1) Give them a distraction. The absolute best way to get a child to stay still for a few seconds and look in your direction is to give them something to do or interact with them. This could be playing music (never underestimate the effect music can have on a child!), a toy, a cupcake, grandma, anything! WARNING: You’ll want to ensure that everything else is just right before introducing any distractions. Check your background by looking through your lens. Tidy up the area you’ll be shooting in if needed. If you are using props, get them set first, also checking through your lens that they are right where you want them. Children have a short attention span so you will want to be ready to snap away right as the distraction starts because that moment might only last for a few minutes in some cases.

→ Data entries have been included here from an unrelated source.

lemma clique_cover:
  assumes "graph S E" "omega_colourable S E"
  shows "\<exists>\<C>. finite \<C> \<and> card \<C> \<le> stability_number S E \<and> (\<forall>C\<in>\<C>. clique S E C) \<and> S \<subseteq> \<Union>\<C>"
  using assms
proof (induction "card S" arbitrary: S rule: less_induct)
  case less
  show ?case
  proof (cases "S = {}")
    case True
    then show ?thesis by (intro exI[of _ "{}"]) simp
  next
    case False
    have "finite S" using less.prems(1) by (simp add: graph_def)
    obtain K where K: "clique S E K"
      "\<And>I. stable_set S E I \<Longrightarrow> card I = stability_number S E \<Longrightarrow> I \<inter> K \<noteq> {}"
      using clique_meeting_all_maximum_stable_sets[OF less.prems False] by blast
    have less_\<alpha>: "stability_number (S - K) E < stability_number S E"
      using \<open>finite S\<close> K(2) by (rule stability_number_Diff_less)
    then have "S - K \<subset> S" by auto
    then have "card (S - K) < card S" using \<open>finite S\<close> by (rule psubset_card_mono[rotated])
    moreover have "graph (S - K) E" using less.prems(1) Diff_subset by (rule graph_subset)
    moreover have "omega_colourable (S - K) E"
      using less.prems(2) Diff_subset by (rule omega_colourable_subset)
    ultimately have "\<exists>\<C>. finite \<C> \<and> card \<C> \<le> stability_number (S - K) E
        \<and> (\<forall>C\<in>\<C>. clique (S - K) E C) \<and> S - K \<subseteq> \<Union>\<C>"
      by (rule less.hyps)
    then obtain \<C> where \<C>: "finite \<C>" "card \<C> \<le> stability_number (S - K) E"
      "\<forall>C\<in>\<C>. clique (S - K) E C" "S - K \<subseteq> \<Union>\<C>"
      by blast
    have "card (insert K \<C>) \<le> Suc (card \<C>)"
      using \<C>(1) by (simp add: card_insert_if)
    then have "card (insert K \<C>) \<le> stability_number S E"
      using \<C>(2) less_\<alpha> by linarith
    moreover have "\<forall>C\<in>insert K \<C>. clique S E C"
      using K(1) \<C>(3) by (auto intro: clique_subset)
    ultimately show ?thesis
      using \<C>(1,4) by (intro exI[of _ "insert K \<C>"]) auto
  qed
qed

section \<open>A fractional clique cover of weight at most \<open>cost V\<close>\<close>

lemma nonneg_rat_common_denominator:
  fixes w :: "'a \<Rightarrow> rat"
  assumes "finite V" "\<forall>v\<in>V. w v \<ge> 0"
  obtains d :: nat and m :: "'a \<Rightarrow> nat"
  where "d > 0" "\<forall>v\<in>V. w v * of_nat d = of_nat (m v)"
proof -
  define q where "q v = snd (quotient_of (w v))" for v
  define z where "z v = fst (quotient_of (w v)) * (\<Prod>u\<in>V - {v}. q u)" for v
  define D where "D = (\<Prod>u\<in>V. q u)"
  have q_pos: "q v > 0" for v by (simp add: q_def quotient_of_denom_pos')
  have "D > 0" unfolding D_def by (rule prod_pos) (rule q_pos)
  have scaled: "w v * of_int D = of_int (z v)" if "v \<in> V" for v
  proof -
    define a where "a = fst (quotient_of (w v))"
    have "w v = of_int a / of_int (q v)"
      unfolding q_def a_def by (rule quotient_of_div) simp
    then have "w v * of_int (q v) = of_int a" using q_pos[of v] by simp
    moreover have "D = q v * (\<Prod>u\<in>V - {v}. q u)"
      unfolding D_def using assms(1) that by (rule prod.remove)
    ultimately show ?thesis by (simp add: z_def a_def[symmetric] mult.assoc[symmetric])
  qed
  have "w v * of_nat (nat D) = of_nat (nat (z v))" if "v \<in> V" for v
  proof -
    have "0 \<le> w v * of_int D" using assms(2) that \<open>D > 0\<close> by simp
    then have "z v \<ge> 0" using scaled[OF that] by simp
    then show ?thesis using scaled[OF that] \<open>D > 0\<close> by simp
  qed
  then show thesis using \<open>D > 0\<close> by (intro that[of "nat D" "\<lambda>v. nat (z v)"]) auto
qed

lemma lp_feasible_of_clique_family:
  fixes \<C> :: "'c set" and h :: "'c \<Rightarrow> 'a set" and w :: "'a \<Rightarrow> rat"
  assumes "finite V" "finite \<C>" "\<forall>C\<in>\<C>. clique V E (h C)" "d > 0"
    and cover: "\<forall>v\<in>V. w v * of_nat d \<le> of_nat (card {C\<in>\<C>. v \<in> h C})"
  obtains y where "lp_feasible V E w y" "sum y (maximal_cliques V E) * of_nat d = of_nat (card \<C>)"
proof -
  let ?M = "maximal_cliques V E"
  have "\<forall>C\<in>\<C>. \<exists>Q. Q \<in> ?M \<and> h C \<subseteq> Q"
    using assms(1,3) clique_extends_to_maximal_clique by metis
  then obtain g where g: "\<forall>C\<in>\<C>. g C \<in> ?M \<and> h C \<subseteq> g C"
    by (rule bchoice[elim_format]) blast
  define y where "y Q = of_nat (card {C\<in>\<C>. g C = Q}) / (of_nat d :: rat)" for Q
  have sum_y: "sum y T * of_nat d = of_nat (card {C\<in>\<C>. g C \<in> T})" if "finite T" for T
  proof -
    have "{C\<in>\<C>. g C \<in> T} = (\<Union>Q\<in>T. {C\<in>\<C>. g C = Q})" by blast
    then have "card {C\<in>\<C>. g C \<in> T} = (\<Sum>Q\<in>T. card {C\<in>\<C>. g C = Q})"
      using that assms(2) by (auto intro: card_UN_disjoint)
    then show ?thesis
      using \<open>d > 0\<close> by (simp add: y_def sum_divide_distrib[symmetric])
  qed
  have "finite ?M" using assms(1) by (rule finite_maximal_cliques)
  have "lp_feasible V E w y"
    unfolding lp_feasible_def
  proof (intro conjI ballI)
    fix v assume "v \<in> V"
    have "{C\<in>\<C>. v \<in> h C} \<subseteq> {C\<in>\<C>. g C \<in> {Q\<in>?M. v \<in> Q}}" using g by blast
    then have "card {C\<in>\<C>. v \<in> h C} \<le> card {C\<in>\<C>. g C \<in> {Q\<in>?M. v \<in> Q}}"
      using assms(2) by (intro card_mono) simp_all
    then have "w v * of_nat d \<le> of_nat (card {C\<in>\<C>. g C \<in> {Q\<in>?M. v \<in> Q}})"
      using cover \<open>v \<in> V\<close> by (meson of_nat_le_iff order_trans)
    also have "\<dots> = sum y {Q\<in>?M. v \<in> Q} * of_nat d"
      using sum_y \<open>finite ?M\<close> by simp
    finally show "w v \<le> sum y {Q\<in>?M. v \<in> Q}"
      using \<open>d > 0\<close> by simp
  qed (simp add: y_def)
  moreover have "{C\<in>\<C>. g C \<in> ?M} = \<C>" using g by blast
  then have "sum y ?M * of_nat d = of_nat (card \<C>)"
    using sum_y[OF \<open>finite ?M\<close>] by simp
  ultimately show thesis by (rule that)
qed

definition stable_replication :: "('a \<Rightarrow> 'a \<Rightarrow> bool) \<Rightarrow> 'a \<times> nat \<Rightarrow> 'a \<times> nat \<Rightarrow> bool" where
  "stable_replication E x y \<longleftrightarrow> E (fst x) (fst y)"

lemma stable_replication_iff:
  assumes "graph V E" "x \<in> W" "y \<in> W" "fst ` W \<subseteq> V"
  shows "stable_replication E x y \<longleftrightarrow> fst x \<noteq> fst y \<and> E (fst x) (fst y)"
  using assms by (auto simp: stable_replication_def graph_def)

lemma graph_stable_replication:
  assumes "graph V E" "finite W" "fst ` W \<subseteq> V"
  shows "graph W (stable_replication E)"
  unfolding graph_def
proof (intro conjI ballI impI)
  fix a b assume "a \<in> W" "b \<in> W" "stable_replication E a b"
  then show "stable_replication E b a"
    using assms(1,3) by (simp add: stable_replication_def graph_def image_subset_iff)
qed (use assms stable_replication_iff in blast)+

My favorite distraction: I am known to burst out in song and dance between shots when photographing any children between the ages of 6 months to 8 years old. My favorite is the hot dog song from Mickey Mouse Clubhouse! Nearly ever child recognizes the song and dance routine. Now, I do feel sorry for all the parents who have had to witness such a horrible sight, but hey, it works! The younger children might only glance at me, but often times it results in a smile. For the older ones, I usually get a hysterical laugh. The more I look like a fool, the better their response is. haha.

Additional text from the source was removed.